In 1878, he purchased a block at the corner of Adeline and 42nd Street, where the family home remained until about 1883 when his widowed mother erected a beautiful home at 999 43rd Street (not extant). Unmarried, he was referred to as "one of the most popular clubmen of Oakland" and a "bon vivant." He died March 12, 1901, after a fall. He was vice president of Remillard Brick Company at the time of his death.

== Edouard "Edward" Remillard ==
Edouard "Edward" Remillard was born February 1, 1840, at St-Valentin, Quebec. In 1859 he left Quebec and went to California to join his two older brothers. He first went to the mines for a brief period and soon went to Oakland and San Francisco where the three brothers became partners in the Remillard Brothers Brick Company.

He returned to Canada in about 1866 and there he married his second cousin Virginie Remillard on January 14, 1867, at Napierville. She was the daughter of Narcisse and Rosalie Monjon and was baptized December 15, 1847, at Napierville. He and Virginia first lived in East Oakland, where they erected a comfortable dwelling before moving to Clay Street, where they lived until 1887 when they moved to 1355 Webster Street. He died March 10, 1903, in Oakland at the age of 63 years while sitting in a chair talking to his brother, P.N. Remillard.

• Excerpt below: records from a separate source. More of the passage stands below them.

lemma psd_diag_conj:
  assumes "psd n X" "\<And>i. cnj (d i) = d i"
  shows "psd n (diag_conj d n X)"
  unfolding psd_def
proof (intro conjI ballI)
  show "diag_conj d n X \<in> carrier_mat n n" by (simp add: diag_conj_def)
  fix v :: "complex vec" assume v: "v \<in> carrier_vec n"
  define w where "w = vec n (\<lambda>i. d i * v $ i)"
  have X: "X \<in> carrier_mat n n" using assms(1) psd_def by blast
  have "w \<in> carrier_vec n" by (simp add: w_def)
  then have "0 \<le> (\<Sum>i<n. cnj (w $ i) * (X *\<^sub>v w) $ i)"
    using assms(1) unfolding psd_def by blast
  also have "\<dots> = (\<Sum>i<n. cnj (v $ i) * (diag_conj d n X *\<^sub>v v) $ i)"
  proof (rule sum.cong[OF refl])
    fix i assume i: "i \<in> {..<n}"
    have "cnj (w $ i) * (X *\<^sub>v w) $ i = cnj (v $ i) * (\<Sum>j<n. d i * d j * X $$ (i,j) * v $ j)"
      using i X v assms(2)
      by (simp add: w_def scalar_prod_def lessThan_atLeast0 sum_distrib_left mult_ac)
    also have "\<dots> = cnj (v $ i) * (diag_conj d n X *\<^sub>v v) $ i"
      using i v by (simp add: diag_conj_def scalar_prod_def lessThan_atLeast0)
    finally show "cnj (w $ i) * (X *\<^sub>v w) $ i = cnj (v $ i) * (diag_conj d n X *\<^sub>v v) $ i" .
  qed
  finally show "0 \<le> (\<Sum>i<n. cnj (v $ i) * (diag_conj d n X *\<^sub>v v) $ i)" .
qed

lemma ext_id_diag_conj:
  "ext_id (diag_conj d n) n n k X = diag_conj (\<lambda>i. d (i div k)) (n * k) X"
proof (rule eq_matI)
  fix i j assume "i < dim_row (diag_conj (\<lambda>i. d (i div k)) (n * k) X)"
    "j < dim_col (diag_conj (\<lambda>i. d (i div k)) (n * k) X)"
  then have ij: "i < n * k" "j < n * k" by (simp_all add: diag_conj_def)
  then have "i div k < n" "j div k < n" "0 < k"
    by (simp_all add: less_mult_imp_div_less) (cases k; simp)
  then show "ext_id (diag_conj d n) n n k X $$ (i, j) = diag_conj (\<lambda>i. d (i div k)) (n * k) X $$ (i, j)"
    using ij by (simp add: ext_id_def diag_conj_def blk_def)
qed (simp_all add: ext_id_def diag_conj_def)

lemma channel_diag_conj:
  assumes "\<And>i. cnj (d i) = d i" "\<And>i. d i * d i = 1"
  shows "channel n n (diag_conj d n)"
  unfolding channel_def
proof (intro conjI ballI allI impI)
  fix X Y :: "complex mat" and c :: complex
  assume X: "X \<in> carrier_mat n n" and Y: "Y \<in> carrier_mat n n"
  show "diag_conj d n X \<in> carrier_mat n n" by (simp add: diag_conj_def)
  show "diag_conj d n (X + Y) = diag_conj d n X + diag_conj d n Y"
    using X Y by (intro eq_matI) (auto simp: diag_conj_def distrib_left)
  show "diag_conj d n (c \<cdot>\<^sub>m X) = c \<cdot>\<^sub>m diag_conj d n X"
    using X by (intro eq_matI) (auto simp: diag_conj_def)
  show "mtrace (diag_conj d n X) = mtrace X"
    using X assms(2) by (simp add: diag_conj_def mtrace_def)
next
  fix k and X :: "complex mat"
  assume "psd (n * k) X"
  then show "psd (n * k) (ext_id (diag_conj d n) n n k X)"
    unfolding ext_id_diag_conj by (rule psd_diag_conj) (use assms(1) in simp)
qed

lemma ext_id_block_trace:
  assumes "channel n m \<Phi>" "a < k"
  shows "(\<Sum>x<m. ext_id \<Phi> n m k X $$ (x * k + a, x * k + a)) = mtrace (blk n k X a a)"
proof -
  have "blk n k X a a \<in> carrier_mat n n" by (simp add: blk_def)
  then have "\<Phi> (blk n k X a a) \<in> carrier_mat m m" "mtrace (\<Phi> (blk n k X a a)) = mtrace (blk n k X a a)"
    using assms(1) unfolding channel_def by auto
  moreover have "x * k + a < m * k" if "x < m" for x
  proof -
    have "x * k + a < (x + 1) * k" using assms(2) by simp
    also have "\<dots> \<le> m * k" using that by (intro mult_right_mono) auto
    finally show ?thesis .
  qed
  ultimately show ?thesis
    using assms(2) by (simp add: ext_id_def mtrace_def)
qed

lemma cos_pi_div_eight_sq: "(cos (pi/8))\<^sup>2 = (2 + sqrt 2) / 4"
  using cos_double_cos[of "pi/8"] cos_45 by (simp add: field_simps)

lemma sin_pi_div_eight_sq: "(sin (pi/8))\<^sup>2 = (2 - sqrt 2) / 4"
  using sin_cos_squared_add[of "pi/8"] cos_pi_div_eight_sq by (simp add: field_simps)

lemma cos_sin_pi_div_eight: "cos (pi/8) * sin (pi/8) = sqrt 2 / 4"
  using sin_double[of "pi/8"] sin_45 by (simp add: mult_ac)

lemma sum_lessThan_4: "(\<Sum>i<(4::nat). f i) = f 0 + f 1 + f 2 + (f 3 :: 'a :: comm_monoid_add)"
  by (simp add: eval_nat_numeral add.assoc)

lemma Pi1_carrier: "Pi1 \<in> carrier_mat 4 4"
  by (simp add: Pi1_def outer_def w1_vec_def)

lemma Pi1_entry_zero:
  assumes "i < 4" "j < 4" "i \<in> {1,2} \<or> j \<in> {1,2}"
  shows "Pi1 $$ (i,j) = 0"
  using assms by (auto simp: Pi1_def outer_def w1_vec_def)

lemma Pi1_entries:
  "Pi1 $$ (0,0) = complex_of_real ((2 + sqrt 2) / 4)"
  "Pi1 $$ (0,3) = complex_of_real (sqrt 2 / 4)"
  "Pi1 $$ (3,0) = complex_of_real (sqrt 2 / 4)"
  "Pi1 $$ (3,3) = complex_of_real ((2 - sqrt 2) / 4)"
proof -
  have "Pi1 $$ (0,0) = complex_of_real ((cos (pi/8))\<^sup>2)"
    "Pi1 $$ (0,3) = complex_of_real (cos (pi/8) * sin (pi/8))"
    "Pi1 $$ (3,0) = complex_of_real (cos (pi/8) * sin (pi/8))"
    "Pi1 $$ (3,3) = complex_of_real ((sin (pi/8))\<^sup>2)"
    by (simp_all add: Pi1_def outer_def w1_vec_def power2_eq_square mult.commute)
  then show "Pi1 $$ (0,0) = complex_of_real ((2 + sqrt 2) / 4)"
    "Pi1 $$ (0,3) = complex_of_real (sqrt 2 / 4)"
    "Pi1 $$ (3,0) = complex_of_real (sqrt 2 / 4)"
    "Pi1 $$ (3,3) = complex_of_real ((2 - sqrt 2) / 4)"
    by (simp_all only: cos_pi_div_eight_sq sin_pi_div_eight_sq cos_sin_pi_div_eight)
qed

lemma Pi0_entries:
  "Pi0 $$ (0,0) = complex_of_real ((2 - sqrt 2) / 4)"
  "Pi0 $$ (0,3) = - complex_of_real (sqrt 2 / 4)"
  "Pi0 $$ (3,0) = - complex_of_real (sqrt 2 / 4)"
  "Pi0 $$ (3,3) = complex_of_real ((2 + sqrt 2) / 4)"
  using Pi1_carrier by (simp_all add: Pi0_def Pi1_entries field_simps)

lemma hs_inner_Pi1:
  assumes "R \<in> carrier_mat 4 4"
  shows "hs_inner Pi1 R = complex_of_real ((2 + sqrt 2) / 4) * R $$ (0,0)
    + complex_of_real (sqrt 2 / 4) * (R $$ (0,3) + R $$ (3,0))
    + complex_of_real ((2 - sqrt 2) / 4) * R $$ (3,3)"
  by (simp add: hs_inner_eq_sum[OF Pi1_carrier assms] sum_lessThan_4 Pi1_entry_zero Pi1_entries
      algebra_simps)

== Countess Lillian Remillard Dandini ==
Countess Lillian Remillard Dandini was the daughter of Pierre-Nicolas and Cordule (Laurin) Remillard. She was born April 28, 1880, in Oakland and died July 17, 1973, in Hillsborough, California. She inherited the company from her father after the accidental death of her brother Philip from a fall from a San Francisco restaurant fire escape in March 1901.

She was noted for her ownership and preservation of the architectural gem, Chateau Carolands in Hillsborough, California, at one time the second largest house in the United States, which she bought in 1953 and lived in until her death. She willed the Chateau to the city of Hillsborough for a museum of music and art, but left no money to acquire the music or the art and in the end, the city of Hillsborough sold the house. She married Count Alessandro Dandini about 1932; they divorced about 1939.

==See also==
- California Historical Landmarks in Marin County

== Burial ==
Many members of the Remillard family were buried in the Remillard Mausoleum in Mountain View Cemetery (Oakland, California), where many Bay Area millionaires are buried. Edward and his wife were buried in the adjacent Saint Mary's Cemetery.